Enhancements to PHP-FPM & Nginx Configuration

[ihfbib]

trafficstars

Summary

Updated stack_pref.py

Why listen.owner = www-data is Better Than listen.owner = root in PHP-FPM

1️⃣ Ensures Proper Communication – Nginx runs as www-data, so setting listen.owner = www-data allows seamless access to the PHP-FPM socket, preventing 502 Bad Gateway errors.

2️⃣ Prevents Permission Issues – Using www-data eliminates the need for manual permission adjustments (chmod) and avoids access errors.

3️⃣ Enhances Security – Running the socket as root increases security risks; www-data follows the principle of least privilege, reducing potential exploits.

4️⃣ Maintains Consistency – Since PHP-FPM workers run as www-data, the socket should match to avoid conflicts and unexpected behavior.

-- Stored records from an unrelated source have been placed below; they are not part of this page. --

lemma powr_dissipation_le:
  fixes v \<delta> \<alpha> \<beta> m k :: real
  assumes "0 \<le> v" "0 \<le> \<delta>" "0 \<le> \<alpha>" "0 \<le> \<beta>" "m \<le> 1" "1 \<le> k"
  shows powr_dissipation_le_small:
      "v \<le> 1 \<Longrightarrow> 2 * \<delta> * v - \<alpha> * v powr m - \<beta> * v powr k \<le> - (\<alpha> - 2 * \<delta>) * v powr m"
    and powr_dissipation_le_large:
      "1 \<le> v \<Longrightarrow> 2 * \<delta> * v - \<alpha> * v powr m - \<beta> * v powr k \<le> - (\<beta> - 2 * \<delta>) * v powr k"
proof -
  assume "v \<le> 1"
  then have "v powr 1 \<le> v powr m" using assms by (intro powr_mono') auto
  then have "2 * \<delta> * v \<le> 2 * \<delta> * v powr m" using assms by (simp add: mult_left_mono)
  moreover have "0 \<le> \<beta> * v powr k" using assms by simp
  ultimately show "2 * \<delta> * v - \<alpha> * v powr m - \<beta> * v powr k \<le> - (\<alpha> - 2 * \<delta>) * v powr m"
    by (simp add: algebra_simps)
next
  assume "1 \<le> v"
  then have "v powr 1 \<le> v powr k" using assms by (intro powr_mono) auto
  then have "2 * \<delta> * v \<le> 2 * \<delta> * v powr k" using assms by (simp add: mult_left_mono)
  moreover have "0 \<le> \<alpha> * v powr m" using assms by simp
  ultimately show "2 * \<delta> * v - \<alpha> * v powr m - \<beta> * v powr k \<le> - (\<beta> - 2 * \<delta>) * v powr k"
    by (simp add: algebra_simps)
qed
lemma expectation_round_gain:
  assumes "finite I" "S \<subseteq> I" "x \<in> LP_feas I w k S M" "M > 0"
  shows "measure_pmf.expectation (replicate_pmf q (sample_conf I w k x)) (\<lambda>Rs. sum v (S \<inter> \<Union>(set Rs)))
       = (\<Sum>i\<in>S. v i * (1 - (1 - cover I w k x i / M) ^ q))"
proof -
  let ?D = "sample_conf I w k x"
  let ?missed = "\<lambda>i Rs. prod_list (map (\<lambda>R. of_bool (i \<notin> R) :: real) Rs)"
  have fin: "finite (set_pmf ?D)" "finite (set_pmf (replicate_pmf q ?D))"
    using finite_set_pmf_sample_conf[OF assms(1,3,4)] by (auto intro: finite_set_replicate_pmf)
  have missed: "?missed i Rs = of_bool (\<forall>R\<in>set Rs. i \<notin> R)" for i Rs
    by (induction Rs) auto
  have "finite S"
    using assms(1,2) finite_subset by blast
  then have "sum v (S \<inter> \<Union>(set Rs)) = (\<Sum>i\<in>S. v i * (1 - ?missed i Rs))" for Rs
    unfolding missed by (auto simp: sum.inter_restrict intro!: sum.cong)
  moreover have "measure_pmf.expectation ?D (\<lambda>R. of_bool (i \<notin> R)) = 1 - cover I w k x i / M" for i
    using prob_sample_conf_contains[OF assms(1,3,4), of i] fin
    by (simp add: of_bool_not_iff Bochner_Integration.integral_diff integrable_measure_pmf_finite)
  ultimately show ?thesis
    using fin by (simp add: Bochner_Integration.integral_sum integrable_measure_pmf_finite
        Bochner_Integration.integral_diff expectation_replicate_pmf_prod_list)
qed

lemma expectation_round_gain_ge:
  assumes "finite I" "\<forall>i\<in>I. 0 \<le> v i" "S \<subseteq> I" "x \<in> LP_feas I w k S M" "1 \<le> M"
  shows "q / M * (1 - q / M) * fval I w v k x
       \<le> measure_pmf.expectation (replicate_pmf q (sample_conf I w k x)) (\<lambda>Rs. sum v (S \<inter> \<Union>(set Rs)))"
proof -
  have coordinate: "q / M * (1 - q / M) * cover I w k x i \<le> 1 - (1 - cover I w k x i / M) ^ q"
    if "i \<in> I" for i
  proof -
    let ?t = "cover I w k x i / M"
    have c: "0 \<le> cover I w k x i" "cover I w k x i \<le> 1"
      using cover_bounds[of I w k x i] assms(4) that by (auto simp: LP_feas_def)
    then have "0 \<le> ?t" "?t \<le> 1" "q * ?t \<le> q / M"
      using assms(5) by (auto intro!: divide_right_mono mult_left_le)
    have "q / M * (1 - q / M) * cover I w k x i = q * ?t * (1 - q / M)"
      by simp
    also have "\<dots> \<le> q * ?t * (1 - q * ?t)"
      using c assms(5) \<open>q * ?t \<le> q / M\<close> by (intro mult_left_mono) auto
    also have "\<dots> \<le> 1 - (1 - ?t) ^ q"
      using \<open>0 \<le> ?t\<close> \<open>?t \<le> 1\<close> by (rule one_minus_power_ge)
    finally show ?thesis .
  qed
  have "q / M * (1 - q / M) * fval I w v k x = (\<Sum>i\<in>S. v i * (q / M * (1 - q / M) * cover I w k x i))"
    by (simp add: fval_eq_sum_restrict[OF assms(1,3,4)] sum_distrib_left mult_ac)
  also have "\<dots> \<le> (\<Sum>i\<in>S. v i * (1 - (1 - cover I w k x i / M) ^ q))"
    using assms(2,3) coordinate by (intro sum_mono mult_left_mono) auto
  also have "\<dots> = measure_pmf.expectation (replicate_pmf q (sample_conf I w k x))
      (\<lambda>Rs. sum v (S \<inter> \<Union>(set Rs)))"
    using assms by (simp add: expectation_round_gain)
  finally show ?thesis .
qed

lemma length_irr_run: "h \<in> set_pmf (irr_run I w k q sel n) \<Longrightarrow> length h = n"
  by (induction n arbitrary: h) (auto simp: set_replicate_pmf)

lemma map_pmf_take_irr_run:
  "j \<le> n \<Longrightarrow> map_pmf (take j) (irr_run I w k q sel n) = irr_run I w k q sel j"
proof (induction n)
  case (Suc n)
  show ?case
  proof (cases "j = Suc n")
    case True
    then have "map_pmf (take j) (irr_run I w k q sel (Suc n)) = map_pmf id (irr_run I w k q sel (Suc n))"
      by (intro map_pmf_cong) (auto dest: length_irr_run)
    then show ?thesis
      using True by simp
  next
    case False
    then have "j \<le> n"
      using Suc.prems by simp
    then have "map_pmf (take j) (irr_run I w k q sel (Suc n))
        = bind_pmf (irr_run I w k q sel n) (\<lambda>h. return_pmf (take j h))"
      unfolding irr_run.simps map_bind_pmf map_pmf_comp
      by (intro bind_pmf_cong) (auto dest: length_irr_run)
    then show ?thesis
      using Suc.IH[OF \<open>j \<le> n\<close>] by (simp add: map_pmf_def)
  qed
qed simp

lemma finite_set_pmf_irr_run:
  assumes "\<forall>j\<in>{1..n}. \<forall>h. length h = j - 1 \<longrightarrow> finite (set_pmf (sample_conf I w k (sel j h)))"
  shows "finite (set_pmf (irr_run I w k q sel n))"
  using assms
proof (induction n)
  case (Suc n)
  then show ?case
    by (auto simp: set_bind_pmf intro!: finite_imageI finite_set_replicate_pmf dest: length_irr_run)
qed simp

lemma covered_value_append:
  assumes "finite I"
  shows "sum v (I - remaining I (h @ [Rs]))
       = sum v (I - remaining I h) + sum v (remaining I h \<inter> \<Union>(set Rs))"
proof -
  have "I - remaining I (h @ [Rs]) = (I - remaining I h) \<union> (remaining I h \<inter> \<Union>(set Rs))"
    unfolding remaining_def by auto
  then show ?thesis
    using assms by (simp only:) (rule sum.union_disjoint, auto simp: remaining_def)
qed

lemma expectation_covered_value_irr_run:
  fixes v :: "'a \<Rightarrow> real"
  assumes "finite I"
    and "\<forall>j\<in>{1..n}. \<forall>h. length h = j - 1 \<longrightarrow> finite (set_pmf (sample_conf I w k (sel j h)))"
  shows "measure_pmf.expectation (irr_run I w k q sel n) (\<lambda>h. sum v (I - remaining I h))
       = (\<Sum>j=1..n. measure_pmf.expectation (irr_run I w k q sel (j - 1)) (\<lambda>h.
            measure_pmf.expectation (replicate_pmf q (sample_conf I w k (sel j h)))
              (\<lambda>Rs. sum v (remaining I h \<inter> \<Union>(set Rs)))))"
  using assms(2)
proof (induction n)
  case 0
  show ?case
    by (simp add: remaining_def)
next
  case (Suc n)
  let ?run = "irr_run I w k q sel n"
  let ?R = "\<lambda>h. replicate_pmf q (sample_conf I w k (sel (Suc n) h))"
  let ?gain = "\<lambda>h. measure_pmf.expectation (?R h) (\<lambda>Rs. sum v (remaining I h \<inter> \<Union>(set Rs)))"
  have fin_run: "finite (set_pmf ?run)"
    using Suc.prems by (intro finite_set_pmf_irr_run) auto
  have fin_R: "finite (set_pmf (?R h))" if "h \<in> set_pmf ?run" for h
    using Suc.prems length_irr_run[OF that] by (intro finite_set_replicate_pmf) auto
  have "measure_pmf.expectation (irr_run I w k q sel (Suc n)) (\<lambda>h. sum v (I - remaining I h))
      = measure_pmf.expectation ?run (\<lambda>h. measure_pmf.expectation (?R h)
          (\<lambda>Rs. sum v (I - remaining I (h @ [Rs]))))"
    using fin_run fin_R by (simp add: expectation_bind_pmf_finite)
  also have "\<dots> = measure_pmf.expectation ?run (\<lambda>h. sum v (I - remaining I h) + ?gain h)"
    using fin_R by (intro integral_cong_AE)
      (auto simp: AE_measure_pmf_iff covered_value_append[OF assms(1)] integrable_measure_pmf_finite)
  also have "\<dots> = measure_pmf.expectation ?run (\<lambda>h. sum v (I - remaining I h))
      + measure_pmf.expectation ?run ?gain"
    using fin_run by (simp add: integrable_measure_pmf_finite)
  finally show ?case
    using Suc by simp
qed

lemma expectation_covered_value_irr_run_ge:
  fixes v :: "'a \<Rightarrow> real" and M :: "nat \<Rightarrow> real"
  assumes "finite I" "\<forall>i\<in>I. 0 \<le> v i"
    and sel: "\<forall>j\<in>{1..n}. \<forall>h. length h = j - 1 \<longrightarrow> sel j h \<in> LP_feas I w k (remaining I h) (M j)"
    and M: "\<forall>j\<in>{1..n}. 1 \<le> M j" and "J \<le> n"
  shows "(\<Sum>j=1..J. q / M j * (1 - q / M j) *
            measure_pmf.expectation (irr_run I w k q sel n) (\<lambda>h. fval I w v k (sel j (take (j - 1) h))))
       \<le> measure_pmf.expectation (irr_run I w k q sel n) (\<lambda>h. sum v (I - remaining I h))"
proof -
  let ?run = "irr_run I w k q sel"
  let ?gain = "\<lambda>j h. measure_pmf.expectation (replicate_pmf q (sample_conf I w k (sel j h)))
                 (\<lambda>Rs. sum v (remaining I h \<inter> \<Union>(set Rs)))"
  have fin_sample: "\<forall>j\<in>{1..n}. \<forall>h. length h = j - 1 \<longrightarrow> finite (set_pmf (sample_conf I w k (sel j h)))"
    using sel M by (force intro: finite_set_pmf_sample_conf[OF assms(1)])
  have remaining_subset: "remaining I h \<subseteq> I" for h
    by (auto simp: remaining_def)
  have gain_ge: "q / M j * (1 - q / M j) * measure_pmf.expectation (?run (j - 1)) (\<lambda>h. fval I w v k (sel j h))
      \<le> measure_pmf.expectation (?run (j - 1)) (?gain j)" if "j \<in> {1..n}" for j
  proof -
    have "finite (set_pmf (?run (j - 1)))"
      using fin_sample that by (intro finite_set_pmf_irr_run) auto
    moreover have "q / M j * (1 - q / M j) * fval I w v k (sel j h) \<le> ?gain j h"
      if "h \<in> set_pmf (?run (j - 1))" for h
      using sel M \<open>j \<in> {1..n}\<close> length_irr_run[OF that] remaining_subset
      by (intro expectation_round_gain_ge[OF assms(1,2)]) auto
    ultimately show ?thesis
      by (subst integral_mult_right_zero[symmetric], intro integral_mono_AE)
        (auto simp: AE_measure_pmf_iff integrable_measure_pmf_finite)
  qed
  have gain_nonneg: "0 \<le> measure_pmf.expectation (?run (j - 1)) (?gain j)" for j
    using assms(2) remaining_subset by (fastforce intro!: Bochner_Integration.integral_nonneg sum_nonneg)
  have prefix: "measure_pmf.expectation (?run n) (\<lambda>h. g (take (j - 1) h))
      = measure_pmf.expectation (?run (j - 1)) g" if "j \<le> n" for j and g :: "'a set list list \<Rightarrow> real"
  proof -
    have "?run (j - 1) = map_pmf (take (j - 1)) (?run n)"
      using that by (simp add: map_pmf_take_irr_run)
    then show ?thesis
      by simp
  qed
  have "(\<Sum>j=1..J. q / M j * (1 - q / M j) *
          measure_pmf.expectation (?run n) (\<lambda>h. fval I w v k (sel j (take (j - 1) h))))
      = (\<Sum>j=1..J. q / M j * (1 - q / M j) *
          measure_pmf.expectation (?run (j - 1)) (\<lambda>h. fval I w v k (sel j h)))"
    using \<open>J \<le> n\<close> by (intro sum.cong refl) (subst prefix, auto)
  also have "\<dots> \<le> (\<Sum>j=1..J. measure_pmf.expectation (?run (j - 1)) (?gain j))"
    using \<open>J \<le> n\<close> by (intro sum_mono gain_ge) auto
  also have "\<dots> \<le> (\<Sum>j=1..n. measure_pmf.expectation (?run (j - 1)) (?gain j))"
    using \<open>J \<le> n\<close> gain_nonneg by (intro sum_mono2) auto
  also have "\<dots> = measure_pmf.expectation (?run n) (\<lambda>h. sum v (I - remaining I h))"
    using assms(1) fin_sample by (rule expectation_covered_value_irr_run[symmetric])
  finally show ?thesis .
qed
(* Let $k\ge 0$ and let $G=L_k$, of order $n=4k+6$. Then (a) $\gamma_t(G)=(n+2)/2$. Moreover, if $k\ge1$ and $w\in\{v_1,v_2,v_3\}$ (the three subdivision vertices on the path $a_1v_1v_2v_3c_1$), then (b) $\gamma_t(G-w)=n/2$ and (c) $\gamma_t^a(G;w)=n/2$.
   Context: For a graph $G$ with no isolated vertex, a total dominating set (TD-set) is a set $S\subseteq V(G)$ such that every vertex of $G$ is adjacent to some vertex of $S$; $\gamma_t(G)$ is the minimum cardinality of a TD-set. For a vertex $v$ of $G$, an almost total dominating set (ATD-set) of $G$ with respect to $v$ is a set $S\subseteq V(G)$ with $v\in S$ such that every vertex different from $v$ is adjacent to a vertex of $S$ and $v$ has no neighbor in $S$; $\gamma_t^a(G;v)$ is its minimum cardinality. For $k\ge 1$, $G_k$ is the graph with vertex set $\{a_i,b_i,c_i,d_i:1\le i\le k\}$ whose edges are: the edges of the path $a_1b_1a_2b_2\cdots a_kb_k$, the edges of the path $c_1d_1c_2d_2\cdots c_kd_k$, the edges $a_id_i$ and $b_ic_i$ for every $1\le i\le k$, and the two edges $a_1c_1$ and $b_kd_k$. $F_k$ ($k\ge1$) is obtained from $G_k$ by replacing the edge $a_1c_1$ by a path $a_1v_1v_2v_3c_1$ through three new vertices $v_1,v_2,v_3$. $L_0=C_6$, and for $k\ge1$, $L_k$ is obtained from $F_k$ by replacing the edge $b_kd_k$ by a path $b_ku_1u_2u_3d_k$ through three new vertices $u_1,u_2,u_3$. *)

theory Defs
  imports Main
begin

text \<open>A graph is given by a vertex set VS and a (symmetric, irreflexive) adjacency
  relation E. Vertex deletion G - w is (VS - {w}, E).\<close>

definition is_tdset :: "'a set \<Rightarrow> ('a \<Rightarrow> 'a \<Rightarrow> bool) \<Rightarrow> 'a set \<Rightarrow> bool" where
  "is_tdset VS E S \<longleftrightarrow> S \<subseteq> VS \<and> (\<forall>x\<in>VS. \<exists>u\<in>S. E x u)"

definition gamma_t :: "'a set \<Rightarrow> ('a \<Rightarrow> 'a \<Rightarrow> bool) \<Rightarrow> nat" where
  "gamma_t VS E = Min {card S | S. is_tdset VS E S}"

definition is_atdset :: "'a set \<Rightarrow> ('a \<Rightarrow> 'a \<Rightarrow> bool) \<Rightarrow> 'a \<Rightarrow> 'a set \<Rightarrow> bool" where
  "is_atdset VS E v S \<longleftrightarrow> S \<subseteq> VS \<and> v \<in> S \<and> (\<forall>x\<in>VS - {v}. \<exists>u\<in>S. E x u)
      \<and> (\<forall>u\<in>S. \<not> E v u)"

definition gamma_ta :: "'a set \<Rightarrow> ('a \<Rightarrow> 'a \<Rightarrow> bool) \<Rightarrow> 'a \<Rightarrow> nat" where
  "gamma_ta VS E v = Min {card S | S. is_atdset VS E v S}"

text \<open>Vertices of L_k: A i = a_i, B i = b_i, C i = c_i, D i = d_i (1 <= i <= k),
  V 1..3 = v_1..v_3, U 1..3 = u_1..u_3. For k = 0, L_0 = C_6 on the six vertices
  V 1, V 2, V 3, U 1, U 2, U 3.\<close>

datatype vtx = A nat | B nat | C nat | D nat | V nat | U nat

definition L_verts :: "nat \<Rightarrow> vtx set" where
  "L_verts k = {A i | i. 1 \<le> i \<and> i \<le> k} \<union> {B i | i. 1 \<le> i \<and> i \<le> k}
     \<union> {C i | i. 1 \<le> i \<and> i \<le> k} \<union> {D i | i. 1 \<le> i \<and> i \<le> k}
     \<union> {V 1, V 2, V 3, U 1, U 2, U 3}"

definition L_edge0 :: "nat \<Rightarrow> vtx \<Rightarrow> vtx \<Rightarrow> bool" where
  "L_edge0 k x y =
    (if k = 0 then
       (x, y) \<in> {(V 1, V 2), (V 2, V 3), (V 3, U 1), (U 1, U 2), (U 2, U 3), (U 3, V 1)}
     else
       (\<exists>i. 1 \<le> i \<and> i \<le> k \<and>
          ((x = A i \<and> y = B i) \<or> (x = C i \<and> y = D i) \<or>
           (x = A i \<and> y = D i) \<or> (x = B i \<and> y = C i)))
     \<or> (\<exists>i. 1 \<le> i \<and> i < k \<and> ((x = B i \<and> y = A (i+1)) \<or> (x = D i \<and> y = C (i+1))))
     \<or> (x = A 1 \<and> y = V 1) \<or> (x = V 1 \<and> y = V 2) \<or> (x = V 2 \<and> y = V 3) \<or> (x = V 3 \<and> y = C 1)
     \<or> (x = B k \<and> y = U 1) \<or> (x = U 1 \<and> y = U 2) \<or> (x = U 2 \<and> y = U 3) \<or> (x = U 3 \<and> y = D k))"

definition L_adj :: "nat \<Rightarrow> vtx \<Rightarrow> vtx \<Rightarrow> bool" where
  "L_adj k x y \<longleftrightarrow> L_edge0 k x y \<or> L_edge0 k y x"

end

theory Submission
  imports Defs
begin

(* L_k is bipartite with colour classes
     X = {v2} u {a_i, c_i} u {u1, u3}   and   Y = {u2} u {b_i, d_i} u {v1, v3},
   and each class is arranged in k + 2 consecutive layers (X_layer, Y_layer) so
   that every vertex of one class has all its neighbours in two consecutive layers
   of the other class.  A set S that totally dominates the vertices of Y must
   therefore satisfy: whenever S misses an X-layer, it contains the whole next
   X-layer (two vertices).  An elementary counting lemma (chain_count) turns this
   into |S n X| >= k + 1, plus one more vertex when v1 and v3 are dominated;
   symmetrically |S n Y| >= k + 1, plus one when v2 is dominated.  This gives
   gamma_t(L_k) >= 2k + 4 and, when one vertex w of the path v1 v2 v3 need not be
   dominated, the bound 2k + 3 for both gamma_t(L_k - w) and gamma_t^a(L_k; w).
   Explicit sets attain these bounds; L_0 = C_6 is handled directly.  The layer
   decomposition also yields |V(L_k)| = 4k + 6. *)

lemma neighbours_A:
  "1 \<le> i \<Longrightarrow> i \<le> k \<Longrightarrow>
   L_adj k (A i) y \<longleftrightarrow> y = B i \<or> y = D i \<or> (i = 1 \<and> y = V 1) \<or> (1 < i \<and> y = B (i - 1))"
  by (auto simp: L_adj_def L_edge0_def)

lemma neighbours_B:
  "1 \<le> i \<Longrightarrow> i \<le> k \<Longrightarrow>
   L_adj k (B i) y \<longleftrightarrow> y = A i \<or> y = C i \<or> (i = k \<and> y = U 1) \<or> (i < k \<and> y = A (Suc i))"
  by (auto simp: L_adj_def L_edge0_def)
theorem mainTheorem8:
  fixes f :: "'b::comm_ring_1 \<Rightarrow> 'a::comm_ring_1"
    and g :: "'b \<Rightarrow> 'c::comm_ring_1"
    and t :: 'b
    and I :: "'a set" and I' :: "'c set"
    and n m k :: nat
    and z :: "nat \<Rightarrow> 'a" and fs :: "nat \<Rightarrow> 'b mpoly"
    and phi :: "'a \<Rightarrow> 'c" and zh :: "nat \<Rightarrow> 'c"
  assumes "noetherian_ring TYPE('b)" and "noetherian_ring TYPE('a)" and "noetherian_ring TYPE('c)"
    and "is_ring_hom f" and "flat_hom f" and "finite_type f"
    and "non_zero_divisor t"
    and "is_ideal I"
    and "is_presentation f n z m fs"
    and "is_ring_hom g" and "flat_hom g"
    and "is_ideal I'"
    and "k \<ge> 1"
    and "quot_iso f g ((\<lambda>x. f t ^ k * x) ` I) ((\<lambda>x. g t ^ k * x) ` I') phi"
    and "\<forall>i<n. zh i - phi (z i) \<in> (\<lambda>x. g t ^ k * x) ` I'"
  shows "completion_map_surj g t n zh"
proof (rule completion_map_surj_if_surj_mod[OF \<open>is_ring_hom g\<close>])
  have mod_t: "g t dvd a - b" if "a - b \<in> (\<lambda>x. g t ^ k * x) ` I'" for a b
  proof -
    from that obtain c where "a - b = g t ^ k * c" by blast
    moreover have "g t dvd g t ^ k" using \<open>k \<ge> 1\<close> by (simp add: dvd_power)
    ultimately show ?thesis by (simp add: dvd_mult2)
  qed
  note iso = \<open>quot_iso f g _ _ phi\<close>[unfolded quot_iso_def]
  have phi: "ring_hom_mod (g t) phi"
    unfolding ring_hom_mod_def using iso by (simp add: mod_t)
  have coeff: "g t dvd phi (f b) - g b" for b
    using iso by (simp add: mod_t)
  have var: "g t dvd phi (z i) - zh i" if "i < n" for i
    using mod_t[of "zh i" "phi (z i)"] assms(15) that by (metis dvd_minus_iff minus_diff_eq)
  fix d
  obtain x where x: "g t dvd d - phi x" using iso mod_t by meson
  obtain p where p: "p \<in> polys_in n" "peval f z p = x"
    using \<open>is_presentation f n z m fs\<close> unfolding is_presentation_def by blast
  have "g t dvd phi (peval f z p) - peval g zh p"
    by (rule peval_ring_hom_mod[OF phi]) (use coeff var p in auto)
  then show "\<exists>q\<in>polys_in n. g t dvd d - peval g zh q"
    using p x by (blast intro: dvd_diff_trans)
qed

end
lemma psd_congruence:
  assumes M: "psd n M" and B: "B \<in> carrier_mat k n"
  shows "psd k (B * M * B\<^sup>T)"
  unfolding psd_def
proof (intro conjI ballI)
  show "B * M * B\<^sup>T \<in> carrier_mat k k" using psdD(1)[OF M] B by auto
  show "(B * M * B\<^sup>T)\<^sup>T = B * M * B\<^sup>T" by (rule congruence_symmetric[OF B psdD(1,2)[OF M]])
  fix x :: "real vec" assume x: "x \<in> carrier_vec k"
  show "0 \<le> x \<bullet> (B * M * B\<^sup>T *\<^sub>v x)"
    unfolding congruence_quadratic_form[OF B psdD(1)[OF M] x] using psdD(3)[OF M] B x by simp
qed

lemma pd_congruence:
  assumes M: "pd n M" and B: "B \<in> carrier_mat k n"
    and inj: "\<And>x. x \<in> carrier_vec k \<Longrightarrow> B\<^sup>T *\<^sub>v x = 0\<^sub>v n \<Longrightarrow> x = 0\<^sub>v k"
  shows "pd k (B * M * B\<^sup>T)"
  unfolding pd_def
proof (intro conjI ballI impI)
  show "B * M * B\<^sup>T \<in> carrier_mat k k" using pdD(1)[OF M] B by auto
  show "(B * M * B\<^sup>T)\<^sup>T = B * M * B\<^sup>T" by (rule congruence_symmetric[OF B pdD(1,2)[OF M]])
  fix x :: "real vec" assume x: "x \<in> carrier_vec k" "x \<noteq> 0\<^sub>v k"
  show "0 < x \<bullet> (B * M * B\<^sup>T *\<^sub>v x)"
    unfolding congruence_quadratic_form[OF B pdD(1)[OF M] x(1)]
    using pdD(3)[OF M, of "B\<^sup>T *\<^sub>v x"] inj[OF x(1)] B x by auto
qed

lemma pd_det_nonzero:
  assumes "pd n P" shows "det P \<noteq> 0"
proof
  assume "det P = 0"
  then obtain v where "v \<in> carrier_vec n" "v \<noteq> 0\<^sub>v n" "P *\<^sub>v v = 0\<^sub>v n"
    using det_0_iff_vec_prod_zero_field[OF pdD(1)[OF assms]] by auto
  then show False using pdD(3)[OF assms] by fastforce
qed

lemma pd_minv_inverse:
  assumes "pd n P"
  shows "minv P \<in> carrier_mat n n" "P * minv P = 1\<^sub>m n" "minv P * P = 1\<^sub>m n"
proof -
  have P: "P \<in> carrier_mat n n" using pdD(1)[OF assms] .
  obtain B where B: "B \<in> carrier_mat n n" "B * P = 1\<^sub>m n" "P * B = 1\<^sub>m n"
    using det_non_zero_imp_unit[OF P pd_det_nonzero[OF assms], unfolded Units_def, of "()"]
    by (auto simp: ring_mat_def)
  then have "\<exists>B. B \<in> carrier_mat n n \<and> P * B = 1\<^sub>m n \<and> B * P = 1\<^sub>m n" by blast
  from someI_ex[OF this]
  have "minv P \<in> carrier_mat n n \<and> P * minv P = 1\<^sub>m n \<and> minv P * P = 1\<^sub>m n"
    using P by (simp add: minv_def)
  then show "minv P \<in> carrier_mat n n" "P * minv P = 1\<^sub>m n" "minv P * P = 1\<^sub>m n" by auto
qed

lemma pd_solve:
  assumes "pd n P" "x \<in> carrier_vec n"
  shows "minv P *\<^sub>v x \<in> carrier_vec n" "P *\<^sub>v (minv P *\<^sub>v x) = x"
  using assms pd_minv_inverse[OF assms(1)] pdD(1)[OF assms(1)]
  by (auto simp: assoc_mult_mat_vec[symmetric, of P n n "minv P" n x])

lemma symmetric_quadratic_form_swap:
  fixes M :: "real mat"
  assumes "M \<in> carrier_mat n n" "M\<^sup>T = M" "x \<in> carrier_vec n" "y \<in> carrier_vec n"
  shows "x \<bullet> (M *\<^sub>v y) = y \<bullet> (M *\<^sub>v x)"
  using assms transpose_vec_mult_scalar[of M n n y x] by (simp add: comm_scalar_prod[of _ n])

lemma pd_minv_pd:
  assumes P: "pd n P" shows "pd n (minv P)"
proof -
  note Pc = pdD(1,2)[OF P] and Pi = pd_minv_inverse[OF P]
  have sym: "(minv P)\<^sup>T = minv P"
  proof -
    have left: "(minv P)\<^sup>T * P = 1\<^sub>m n"
      using transpose_mult[OF Pc(1) Pi(1)] Pi(2) Pc(2) by simp
    have "(minv P)\<^sup>T = (minv P)\<^sup>T * (P * minv P)" using Pi by simp
    also have "\<dots> = ((minv P)\<^sup>T * P) * minv P"
      using Pc Pi by (simp add: assoc_mult_mat[symmetric, of _ n n P n "minv P" n])
    also have "\<dots> = minv P" using left Pi by simp
    finally show ?thesis .
  qed
  show ?thesis unfolding pd_def
  proof (intro conjI ballI impI)
    show "minv P \<in> carrier_mat n n" "(minv P)\<^sup>T = minv P" using Pi sym by auto
    fix x :: "real vec" assume x: "x \<in> carrier_vec n" "x \<noteq> 0\<^sub>v n"
    define y where "y = minv P *\<^sub>v x"
    have y: "y \<in> carrier_vec n" "P *\<^sub>v y = x" using pd_solve[OF P x(1)] y_def by auto
    then have "y \<noteq> 0\<^sub>v n" using x Pc by auto
    then have "0 < y \<bullet> (P *\<^sub>v y)" by (rule pdD(3)[OF P y(1)])
    also have "y \<bullet> (P *\<^sub>v y) = x \<bullet> (minv P *\<^sub>v x)"
      using y x by (simp add: y_def comm_scalar_prod[of _ n])
    finally show "0 < x \<bullet> (minv P *\<^sub>v x)" .
  qed
qed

5️⃣ Avoids Manual Fixes – Using root may require permission fixes after reboots or updates, whereas www-data keeps everything working smoothly.

✅ Best Practice: Use

listen.owner = www-data
listen.group = www-data
listen.mode = 0660

to ensure seamless, secure, and low-maintenance operation. 🚀

Improved Nginx Security Headers

• Enhanced readability and maintainability of the Nginx configuration.
• Standardized headers for better security and performance.

Optimized Caching for WordPress REST API (/wp-json/)

• Excluded /wp-json/ from FastCGI caching via map to ensure dynamic responses remain fresh.
• Implemented more_set_headers to prevent browser & CDN caching of REST API responses.
• Ensures AJAX requests, Gutenberg, WooCommerce, and REST-dependent plugins receive real-time updates.

These changes improve server stability, security, and performance while minimizing manual interventions.

Additional Information

[VirtuBox]

Hello @ihfbib, Thanks for your contribution. I'm going to review your pull request and merge it as soon as possible.